Wanting the sound to have a direct connection to the coast, Goss traveled to the coastline and towns that are receding rapidly, such as Leeville, La. Sounds, such as birds, water, humming boats and rustling leaves created an ambiance similar to as if one was standing in one of the towns. Goss continued to take a sound, such as a drop of water to create a possible rhythm. He combined original recording on guitar and keyboard to synthesize a soundscape, creating an engaging experience.
Dr. Pasquier, Smith and Goss have presented the project and its research methodology in classes, lectures and even at a former LSU capital campaign. Dr.
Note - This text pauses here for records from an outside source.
(* Let $T_b, T_r, S, T_u : \mathbb{N}_{\geq 1} \to \mathbb{R}_{>0}$ satisfy $T_r(n) = T_b(n) + T_r(n-1)$ and $T_u(n) = S(n) + T_u(\lfloor n/2 \rfloor)$ for $n \geq 2$, where $T_b$ and $S$ are each $\Theta(n^{a}(\log n)^{b})$ for some non-negative integers $a,b$. Then $T_u(n)/T_r(n) \to 0$ (super-linear speedup, i.e. $\Theta(T_u) \subsetneq \Theta(T_r)$) if and only if $S(n)/(n\, T_b(n)) \to 0$ (i.e. $\Theta(S) \subsetneq \Theta(n \, T_b)$).
   Context: $T_b(n)$ models the time of the $n$-th recursive step of an original linear recursion, $T_r(n)$ the time of the original recursion with recursion depth $n$, $S(n)=T_c(n)+T_d(n)$ the time of a combined recursive step of the unfolder and meta-interpreter in runtime repeated recursion unfolding, and $T_u(n)$ the total time of runtime repeated recursion unfolding for recursion depth $n$. Asymptotic notation is as $n\to\infty$. *)

theory Defs
  imports Complex_Main "HOL-Library.Landau_Symbols"
begin

end

theory Submission
  imports Defs
begin

text \<open>
  Write \<open>h n = n\<^sup>a (ln n)\<^sup>b\<close> and \<open>g n = n h n\<close>. Since \<open>h\<close> is monotone and the increments
  \<open>g (n + 1) - g n\<close> lie between \<open>h (n + 1)\<close> and \<open>(a + b + 1) h (n + 1)\<close>, the sum \<open>T\<^sub>r\<close> of
  \<open>T\<^sub>b \<in> \<Theta>(h)\<close> is \<open>\<Theta>(g)\<close>, and so is \<open>n T\<^sub>b\<close>. As \<open>g (n div 2) \<le> g n / 2\<close>, the
  halving recursion for \<open>T\<^sub>u\<close> sums the values of \<open>S\<close> along a geometrically shrinking
  sequence, so \<open>T\<^sub>u \<in> o(g)\<close> exactly when \<open>S \<in> o(g)\<close>. Both limits in the theorem
  express these two \<open>o(g)\<close> statements.
\<close>

lemma power_diff_le:
  fixes y z :: real
  assumes "0 \<le> y" "y \<le> z"
  shows "z ^ m - y ^ m \<le> real m * z ^ (m - 1) * (z - y)"
proof (induction m)
  case 0
  then show ?case by simp
next
  case (Suc m)
  have "z ^ Suc m - y ^ Suc m = z * (z ^ m - y ^ m) + y ^ m * (z - y)"
    by (simp add: algebra_simps)
  also have "\<dots> \<le> z * (real m * z ^ (m - 1) * (z - y)) + z ^ m * (z - y)"
    using Suc assms by (intro add_mono mult_left_mono mult_right_mono power_mono) auto
  also have "z * (real m * z ^ (m - 1) * (z - y)) = real m * z ^ m * (z - y)"
    by (cases m) (auto simp: algebra_simps)
  finally show ?case by (simp add: algebra_simps)
qed

definition polylog :: "nat \<Rightarrow> nat \<Rightarrow> nat \<Rightarrow> real" where
  "polylog a b n = real n ^ a * ln (real n) ^ b"

lemma polylog_nonneg: "0 \<le> polylog a b n"
  by (cases n) (auto simp: polylog_def)

lemma polylog_mono: "1 \<le> m \<Longrightarrow> m \<le> n \<Longrightarrow> polylog a b m \<le> polylog a b n"
  unfolding polylog_def by (intro mult_mono power_mono) auto

lemma one_le_ln_nat: "3 \<le> n \<Longrightarrow> 1 \<le> ln (real n)"
  using exp_le by (subst ln_ge_iff) auto

lemma polylog_ge_one:
  assumes "3 \<le> n"
  shows "1 \<le> polylog a b n"
proof -
  have "1 * 1 \<le> real n ^ a * ln (real n) ^ b"
    using assms one_le_ln_nat[OF assms] by (intro mult_mono one_le_power) auto
  then show ?thesis by (simp add: polylog_def)
qed

lemma polylog_halving:
  assumes "2 \<le> n"
  shows "real (n div 2) * polylog a b (n div 2) \<le> real n * polylog a b n / 2"
proof -
  have half: "real (n div 2) \<le> real n / 2" by linarith
  have "real (n div 2) * polylog a b (n div 2) \<le> real n / 2 * polylog a b n"
    using assms half polylog_nonneg[of a b "n div 2"] polylog_mono[of "n div 2" n a b]
    by (intro mult_mono) auto
  then show ?thesis by simp
qed

lemma ln_add_one_diff_le:
  fixes x :: real
  assumes "0 < x"
  shows "ln (x + 1) - ln x \<le> 1 / x"
proof -
  have "ln (x + 1) - ln x = ln ((x + 1) / x)"
    using assms by (simp add: ln_div)
  also have "\<dots> = ln (1 + 1 / x)"
    using assms by (simp add: add_divide_distrib)
  also have "\<dots> \<le> 1 / x" using assms by (intro ln_add_one_self_le_self) auto
  finally show ?thesis .
qed

lemma polylog_increment_le:
  assumes "2 \<le> n"
  shows "real (Suc n) * polylog a b (Suc n) - real n * polylog a b n
           \<le> real (a + 1 + b) * polylog a b (Suc n)"
proof -
  define x where "x = real n"
  define L where "L = ln x"
  define L' where "L' = ln (x + 1)"
  have x2: "2 \<le> x" using assms by (simp add: x_def)
  have L0: "0 \<le> L" and LL': "L \<le> L'" using x2 by (simp_all add: L_def L'_def)
  have L'1: "1 \<le> L'" using one_le_ln_nat[of "Suc n"] assms by (simp add: L'_def x_def add.commute)
  have dL: "L' - L \<le> 1 / x" using ln_add_one_diff_le[of x] x2 by (simp add: L_def L'_def)
  have dpow: "(x + 1) ^ (a + 1) - x ^ (a + 1) \<le> real (a + 1) * (x + 1) ^ a"
    using power_diff_le[of x "x + 1" "a + 1"] x2 by simp
  have "L' ^ b - L ^ b \<le> real b * L' ^ (b - 1) * (L' - L)"
    using power_diff_le[OF L0 LL'] .
  also have "\<dots> \<le> real b * L' ^ (b - 1) * (1 / x)"
    using L'1 dL by (intro mult_left_mono) auto
  finally have dlog: "L' ^ b - L ^ b \<le> real b * L' ^ (b - 1) * (1 / x)" .
  have "(x + 1) ^ (a + 1) * L' ^ b - x ^ (a + 1) * L ^ b
      = ((x + 1) ^ (a + 1) - x ^ (a + 1)) * L' ^ b + x ^ (a + 1) * (L' ^ b - L ^ b)"
    by (simp add: algebra_simps)
  also have "\<dots> \<le> real (a + 1) * (x + 1) ^ a * L' ^ b + x ^ (a + 1) * (real b * L' ^ (b - 1) * (1 / x))"
    using dpow dlog L'1 x2 by (intro add_mono mult_right_mono mult_left_mono) auto
  also have "x ^ (a + 1) * (real b * L' ^ (b - 1) * (1 / x)) = real b * (x ^ a * L' ^ (b - 1))"
    using x2 by (simp add: field_simps)
  also have "x ^ a * L' ^ (b - 1) \<le> (x + 1) ^ a * L' ^ b"
    using x2 L'1 by (intro mult_mono power_mono power_increasing) auto
  finally have "(x + 1) ^ (a + 1) * L' ^ b - x ^ (a + 1) * L ^ b
      \<le> real (a + 1) * (x + 1) ^ a * L' ^ b + real b * ((x + 1) ^ a * L' ^ b)"
    by (simp add: mult_left_mono)
  then show ?thesis
    by (simp add: polylog_def x_def L_def L'_def algebra_simps)
qed

lemma filterlim_real_times_polylog: "filterlim (\<lambda>n. real n * polylog a b n) at_top sequentially"
proof (rule filterlim_at_top_mono[OF filterlim_real_sequentially])
  show "\<forall>\<^sub>F n in sequentially. real n \<le> real n * polylog a b n"
    using eventually_ge_at_top[of 3]
    by eventually_elim (use polylog_ge_one in \<open>auto simp: mult_le_cancel_left1\<close>)
qed

lemma bigo_linear_recursion:
  fixes T t h :: "nat \<Rightarrow> real"
  assumes rec: "eventually (\<lambda>n. T (Suc n) = t (Suc n) + T n) sequentially"
    and t_bigo: "t \<in> O(h)"
    and h_nonneg: "eventually (\<lambda>n. 0 \<le> h n) sequentially"
    and h_mono: "eventually (\<lambda>n. h n \<le> h (Suc n)) sequentially"
    and T_nonneg: "eventually (\<lambda>n. 0 \<le> T n) sequentially"
    and g_lim: "filterlim (\<lambda>n. real n * h n) at_top sequentially"
  shows "T \<in> O(\<lambda>n. real n * h n)"
proof -
  define g where "g n = real n * h n" for n
  obtain K where K: "K > 0" "eventually (\<lambda>n. norm (t n) \<le> K * norm (h n)) sequentially"
    using landau_o.bigE[OF t_bigo] by blast
  have t_Suc: "eventually (\<lambda>n. norm (t (Suc n)) \<le> K * norm (h (Suc n))) sequentially"
    and h_Suc: "eventually (\<lambda>n. 0 \<le> h (Suc n)) sequentially"
    and g_ge: "eventually (\<lambda>n. 1 \<le> g n) sequentially"
    using K(2) h_nonneg g_lim
      eventually_sequentially_Suc[of "\<lambda>n. norm (t n) \<le> K * norm (h n)"]
      eventually_sequentially_Suc[of "\<lambda>n. 0 \<le> h n"]
    unfolding g_def filterlim_at_top by simp_all
  have "eventually (\<lambda>n. T (Suc n) = t (Suc n) + T n \<and> t (Suc n) \<le> K * h (Suc n)
           \<and> 0 \<le> h n \<and> h n \<le> h (Suc n) \<and> 0 \<le> T n \<and> 1 \<le> g n) sequentially"
    using rec t_Suc h_nonneg h_mono h_Suc T_nonneg g_ge by eventually_elim auto
  then obtain N where N: "\<And>n. n \<ge> N \<Longrightarrow> T (Suc n) = t (Suc n) + T n \<and> t (Suc n) \<le> K * h (Suc n)
           \<and> 0 \<le> h n \<and> h n \<le> h (Suc n) \<and> 0 \<le> T n \<and> 1 \<le> g n"
    unfolding eventually_sequentially by blast
  have T_le: "T n \<le> T N + K * g n" if "N \<le> n" for n
    using that
  proof (induction n rule: dec_induct)
    case base
    then show ?case using K N[of N] by simp
  next
    case (step n)
    have "real n * h n \<le> real n * h (Suc n)" using N[OF step(1)] by (intro mult_left_mono) auto
    then have "g n + h (Suc n) \<le> g (Suc n)" by (simp add: g_def algebra_simps)
    then have "K * g n + K * h (Suc n) \<le> K * g (Suc n)"
      using K(1) by (metis distrib_left less_imp_le mult_left_mono)
    then show ?case using N[OF step(1)] step(3) by linarith
  qed
  show ?thesis
  proof (rule landau_o.bigI)
    show "0 < \<bar>T N\<bar> + K" using K by simp
    show "eventually (\<lambda>n. norm (T n) \<le> (\<bar>T N\<bar> + K) * norm (real n * h n)) sequentially"
      unfolding eventually_sequentially
    proof (intro exI allI impI)
      fix n assume n: "N \<le> n"
      have "\<bar>T N\<bar> * 1 \<le> \<bar>T N\<bar> * g n" using N[OF n] by (intro mult_left_mono) auto
      then have "T n \<le> \<bar>T N\<bar> * g n + K * g n" using T_le[OF n] by linarith
      then show "norm (T n) \<le> (\<bar>T N\<bar> + K) * norm (real n * h n)"
        using N[OF n] by (simp add: g_def distrib_right)
    qed
  qed
qed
Jesse Allison, an associate professor of experimental music and digital media, mentored Goss to create the soundscape and create an interactive piece that was featured at Louisiana’s State Capitol for Coastal Awareness Day.
The viewer can walk up to the photo, and the infrared sensor can sense read the field recordings of bird calls or water. As a viewer moved, various sounds from Goss’s field recordings, original composition and podcast interviewee’s stories.
“It’s a lot more visceral if you allow people to tell their own stories and compliment with art. Arts and policy can work together.
For Goss’s thesis, he is creating a podcast series inspired by the work he did with "Coastal Voices." It is a compilation of conversations with people and research on the intersection of political activism and art. He edits podcast episodes centered around interviews with activist artists about their methodologies so the public can hear their stories.
His big questions are “Who engages in artistic activist and why? How do you communicate to the community and legislators through arts?" Goss is investigating how to convince people to understand that art is an effective medium of social communication or policy avocation, whereas it might be seen purely as entertainment most of the time.
Goss is going to pursuing a master's in music and a master's in public policy, art and social advocating.